S02026-06-02

Coder-model evaluation: Qwen3-Coder-Next

evaluation
coder
aider
executor

A candidate coder model for the squad's executor agent was evaluated against the incumbent on the Aider Polyglot Python subset — 34 exercises, execution-graded, two attempts with test feedback after the first. The harness was held fixed so the model was the only variable.

Method

Each exercise was run up to twice: an initial attempt, then a second attempt with failing test output passed back as context. The score recorded is pass@2 — whether either attempt produced a passing solution. Both models ran on the same hardware, served locally over an OpenAI-compatible endpoint at the same temperature and context window:

MODEL_ENDPOINT=http://127.0.0.1:8780/v1/chat/completions
# same temperature, same context window for both models; no prompt changes

Results

| Model | pass@2 (34 exercises) | Median latency | | --- | --- | --- | | Qwen3-Coder-Next (candidate) | 76% | comparable | | incumbent | 29% | comparable |

The candidate more than doubled the incumbent's pass@2 with no change to the harness, and was adopted as the executor agent's model.

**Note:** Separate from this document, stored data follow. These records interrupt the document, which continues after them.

definition outcome_prob :: "item list \<Rightarrow> nat set \<Rightarrow> real" where
  "outcome_prob xs S = (\<Prod>i\<in>S. fst (xs ! i)) * (\<Prod>i\<in>{..<length xs} - S. 1 - fst (xs ! i))"

lemma overflow_prob_eq_sum_outcome_prob:
  "overflow_prob xs = (\<Sum>S\<in>Pow {..<length xs}.
     outcome_prob xs S * (if (\<Sum>i\<in>S. snd (xs ! i)) > 1 then 1 else 0))"
  unfolding overflow_prob_def outcome_prob_def by simp

lemma sum_outcome_prob_supset:
  assumes "T \<subseteq> {..<length xs}"
  shows "(\<Sum>S\<in>Pow {..<length xs}. outcome_prob xs S * (if T \<subseteq> S then 1 else 0)) = (\<Prod>i\<in>T. fst (xs ! i))"
  using sum_Pow_supset_eq_prod[OF _ assms, of "\<lambda>i. fst (xs ! i)" "\<lambda>i. 1 - fst (xs ! i)"]
  unfolding outcome_prob_def by simp

lemma valid_item_nth:
  assumes "\<forall>x\<in>set xs. valid_item x" "i < length xs"
  shows "0 < fst (xs ! i)" "fst (xs ! i) \<le> 1" "0 < snd (xs ! i)" "snd (xs ! i) \<le> 1"
  using assms nth_mem[of i xs] unfolding valid_item_def by auto

lemma outcome_prob_nonneg:
  assumes "\<forall>x\<in>set xs. valid_item x" "S \<subseteq> {..<length xs}"
  shows "0 \<le> outcome_prob xs S"
  unfolding outcome_prob_def using assms valid_item_nth[OF assms(1)]
  by (intro mult_nonneg_nonneg prod_nonneg) (auto intro: less_imp_le)

lemma sum_size_mono:
  assumes "\<forall>x\<in>set xs. valid_item x" "T \<subseteq> S" "S \<subseteq> {..<length xs}"
  shows "(\<Sum>i\<in>T. snd (xs ! i)) \<le> (\<Sum>i\<in>S. snd (xs ! i))"
proof (rule sum_mono2)
  show "finite S" using assms(3) by (rule finite_subset) simp
  show "0 \<le> snd (xs ! i)" if "i \<in> S - T" for i
    using that assms(3) valid_item_nth(3)[OF assms(1)] by (auto intro: less_imp_le)
qed (use assms(2) in simp)

lemma prod_le_overflow_prob:
  assumes val: "\<forall>x\<in>set xs. valid_item x" and T: "T \<subseteq> {..<length xs}"
    and size: "(\<Sum>i\<in>T. snd (xs ! i)) > 1"
  shows "(\<Prod>i\<in>T. fst (xs ! i)) \<le> overflow_prob xs"
  unfolding sum_outcome_prob_supset[OF T, symmetric] overflow_prob_eq_sum_outcome_prob
proof (intro sum_mono mult_left_mono)
  fix S assume S: "S \<in> Pow {..<length xs}"
  show "(if T \<subseteq> S then 1 else 0) \<le> (if (\<Sum>i\<in>S. snd (xs ! i)) > 1 then 1 else 0 :: real)"
    using sum_size_mono[OF val _, of T S] S size by auto
  show "0 \<le> outcome_prob xs S" using outcome_prob_nonneg[OF val] S by simp
qed

lemma inclusion_exclusion_le_overflow_prob:
  assumes val: "\<forall>x\<in>set xs. valid_item x"
    and T1: "T1 \<subseteq> {..<length xs}" and T2: "T2 \<subseteq> {..<length xs}"
    and size1: "(\<Sum>i\<in>T1. snd (xs ! i)) > 1" and size2: "(\<Sum>i\<in>T2. snd (xs ! i)) > 1"
  shows "(\<Prod>i\<in>T1. fst (xs ! i)) + (\<Prod>i\<in>T2. fst (xs ! i)) - (\<Prod>i\<in>T1 \<union> T2. fst (xs ! i))
    \<le> overflow_prob xs"
proof -
  let ?I = "{..<length xs}"
  let ?ind = "\<lambda>T S. if T \<subseteq> S then 1 else 0 :: real"
  have "(\<Prod>i\<in>T1. fst (xs ! i)) + (\<Prod>i\<in>T2. fst (xs ! i)) - (\<Prod>i\<in>T1 \<union> T2. fst (xs ! i))
    = (\<Sum>S\<in>Pow ?I. outcome_prob xs S * (?ind T1 S + ?ind T2 S - ?ind (T1 \<union> T2) S))"
    using sum_outcome_prob_supset[OF T1] sum_outcome_prob_supset[OF T2]
      sum_outcome_prob_supset[of "T1 \<union> T2" xs] T1 T2
    by (simp add: algebra_simps sum.distrib sum_subtractf)
  also have "\<dots> \<le> overflow_prob xs"
    unfolding overflow_prob_eq_sum_outcome_prob
  proof (intro sum_mono mult_left_mono)
    fix S assume S: "S \<in> Pow ?I"
    show "?ind T1 S + ?ind T2 S - ?ind (T1 \<union> T2) S \<le> (if (\<Sum>i\<in>S. snd (xs ! i)) > 1 then 1 else 0)"
      using sum_size_mono[OF val _, of T1 S] sum_size_mono[OF val _, of T2 S] S size1 size2 by auto
    show "0 \<le> outcome_prob xs S" using outcome_prob_nonneg[OF val] S by simp
  qed
  finally show ?thesis .
qed
theorem proposition3p4:
  fixes S :: "'p set"
    and dPhi :: "'p \<Rightarrow> real^'n \<Rightarrow> real^'m"
    and gbar :: "'p \<Rightarrow> real^'m \<Rightarrow> real^'m \<Rightarrow> real"
    and h :: "'p \<Rightarrow> real^'n \<Rightarrow> real^'n \<Rightarrow> real^'m"
    and k m :: nat
  assumes nonempty: "S \<noteq> {}"
    and codim: "CARD('m) = CARD('n) + k"
    and dPhi_lin: "\<And>p. p \<in> S \<Longrightarrow> linear (dPhi p)"
    and dPhi_inj: "\<And>p. p \<in> S \<Longrightarrow> inj (dPhi p)"
    and gbar_bilin: "\<And>p. p \<in> S \<Longrightarrow> bilinear (gbar p)"
    and gbar_sym: "\<And>p u v. p \<in> S \<Longrightarrow> gbar p u v = gbar p v u"
    and gbar_nondeg: "\<And>p u. p \<in> S \<Longrightarrow> (\<forall>v. gbar p u v = 0) \<Longrightarrow> u = 0"
    and g_posdef: "\<And>p X. p \<in> S \<Longrightarrow> X \<noteq> 0 \<Longrightarrow> induced_metric (dPhi p) (gbar p) X X > 0"
    and h_bilin: "\<And>p. p \<in> S \<Longrightarrow> bilinear (h p)"
    and h_sym: "\<And>p X Y. p \<in> S \<Longrightarrow> h p X Y = h p Y X"
    and h_normal: "\<And>p X Y. p \<in> S \<Longrightarrow> h p X Y \<in> normal_space (dPhi p) (gbar p)"
    and const_dim: "\<exists>d. \<forall>p\<in>S. dim (shear_space (induced_metric (dPhi p) (gbar p)) (h p)) = d"
    and m_le: "m \<le> k"
  shows "(\<forall>p\<in>S. dim (umbilical_space (dPhi p) (gbar p) (h p)) = m) \<longleftrightarrow>
         ((\<forall>p\<in>S. wedge_shear_zero (k - m + 1) (dPhi p) (gbar p) (h p)) \<and>
          \<not> (\<forall>p\<in>S. wedge_shear_zero (k - m) (dPhi p) (gbar p) (h p)))"
proof -
  define d where "d p = dim (shear_space (induced_metric (dPhi p) (gbar p)) (h p))" for p
  obtain p0 where p0: "p0 \<in> S"
    using nonempty by blast
  obtain d0 where d0: "\<And>p. p \<in> S \<Longrightarrow> d p = d0"
    using const_dim unfolding d_def by blast
  have dims: "dim (umbilical_space (dPhi p) (gbar p) (h p)) + CARD('n) + d0 = CARD('m)" if "p \<in> S" for p
    using dim_umbilical_space[OF dPhi_lin[OF that] dPhi_inj[OF that] gbar_bilin[OF that] gbar_sym[OF that]
        gbar_nondeg[OF that] g_posdef[OF that] h_bilin[OF that] h_normal[OF that]] d0[OF that]
    unfolding d_def by simp
  have wedge: "wedge_shear_zero q (dPhi p) (gbar p) (h p) \<longleftrightarrow> d0 < q" if "p \<in> S" for p q
    using wedge_shear_zero_iff[OF gbar_bilin[OF that] gbar_nondeg[OF that], of q "dPhi p" "h p"] d0[OF that]
    unfolding d_def by simp
  have umbilical: "dim (umbilical_space (dPhi p) (gbar p) (h p)) = k - d0" if "p \<in> S" for p
    using dims[OF that] codim by simp
  have "d0 \<le> k"
    using dims[OF p0] codim by simp
  have "(\<forall>p\<in>S. dim (umbilical_space (dPhi p) (gbar p) (h p)) = m) \<longleftrightarrow> k - d0 = m"
    using umbilical p0 by auto
  moreover have "(\<forall>p\<in>S. wedge_shear_zero (k - m + 1) (dPhi p) (gbar p) (h p)) \<and>
      \<not> (\<forall>p\<in>S. wedge_shear_zero (k - m) (dPhi p) (gbar p) (h p)) \<longleftrightarrow>
      d0 < k - m + 1 \<and> \<not> d0 < k - m"
    using wedge p0 by auto
  moreover have "k - d0 = m \<longleftrightarrow> d0 < k - m + 1 \<and> \<not> d0 < k - m"
    using \<open>d0 \<le> k\<close> m_le by arith
  ultimately show ?thesis
    by blast
qed
lemma alternating_signs_roots:
  fixes f :: "real \<Rightarrow> real"
  assumes cont: "\<And>x. isCont f x" and y: "\<And>i. i < m \<Longrightarrow> y i < y (Suc i)"
    and sgn: "\<And>i. i \<le> m \<Longrightarrow> 0 < (-1) ^ (m - i) * f (y i)"
  shows "\<exists>s. strict_mono_on {..<m} s \<and> (\<forall>i<m. y i < s i \<and> s i < y (Suc i) \<and> f (s i) = 0)"
proof -
  have "\<forall>i\<in>{..<m}. \<exists>x. y i < x \<and> x < y (Suc i) \<and> f x = 0"
  proof
    fix i assume "i \<in> {..<m}"
    then have "i < m" by simp
    show "\<exists>x. y i < x \<and> x < y (Suc i) \<and> f x = 0"
    proof (rule IVT_strict[OF y[OF \<open>i < m\<close>] alternating_signs_mult_neg cont])
      show "0 < (-1) ^ Suc (m - Suc i) * f (y i)" using sgn[of i] \<open>i < m\<close> by (simp add: Suc_diff_Suc)
      show "0 < (-1) ^ (m - Suc i) * f (y (Suc i))" using sgn[of "Suc i"] \<open>i < m\<close> by simp
    qed
  qed
  then obtain s where "\<forall>i\<in>{..<m}. y i < s i \<and> s i < y (Suc i) \<and> f (s i) = 0"
    by (rule bchoice[THEN exE])
  then have s: "\<And>i. i < m \<Longrightarrow> y i < s i \<and> s i < y (Suc i) \<and> f (s i) = 0" by simp
  have "strict_mono_on {..<m} s"
  proof (rule strict_mono_onI)
    fix i j assume "i \<in> {..<m}" "j \<in> {..<m}" "i < j"
    have "y (Suc i) \<le> y j"
    proof (cases "Suc i = j")
      case False
      show ?thesis
        by (rule less_imp_le, rule lift_Suc_mono_less_ivl[of "{..<m}" y])
          (use False \<open>i < j\<close> \<open>j \<in> {..<m}\<close> y in auto)
    qed simp
    with s[of i] s[of j] \<open>j \<in> {..<m}\<close> \<open>i < j\<close> show "s i < s j" by fastforce
  qed
  with s show ?thesis by blast
qed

The harness bug behind the first numbers

The earliest runs were wrong for a reason that had nothing to do with the model: the benchmark assumed a small context window (~4–8K tokens) for local models and drove them into context-exhaustion loops — one exercise (paasio) ground for 42 minutes. The fix was a one-line model-metadata entry declaring the model's real window:

{ "qwen3-coder-next": { "max_input_tokens": 262144 } }

With the true window declared, the same exercise finished in 84 seconds. The lesson generalizes: a local-model benchmark that inherits a hosted model's context assumptions measures the harness, not the model. We fixed the harness, then re-ran — and only then trusted the numbers.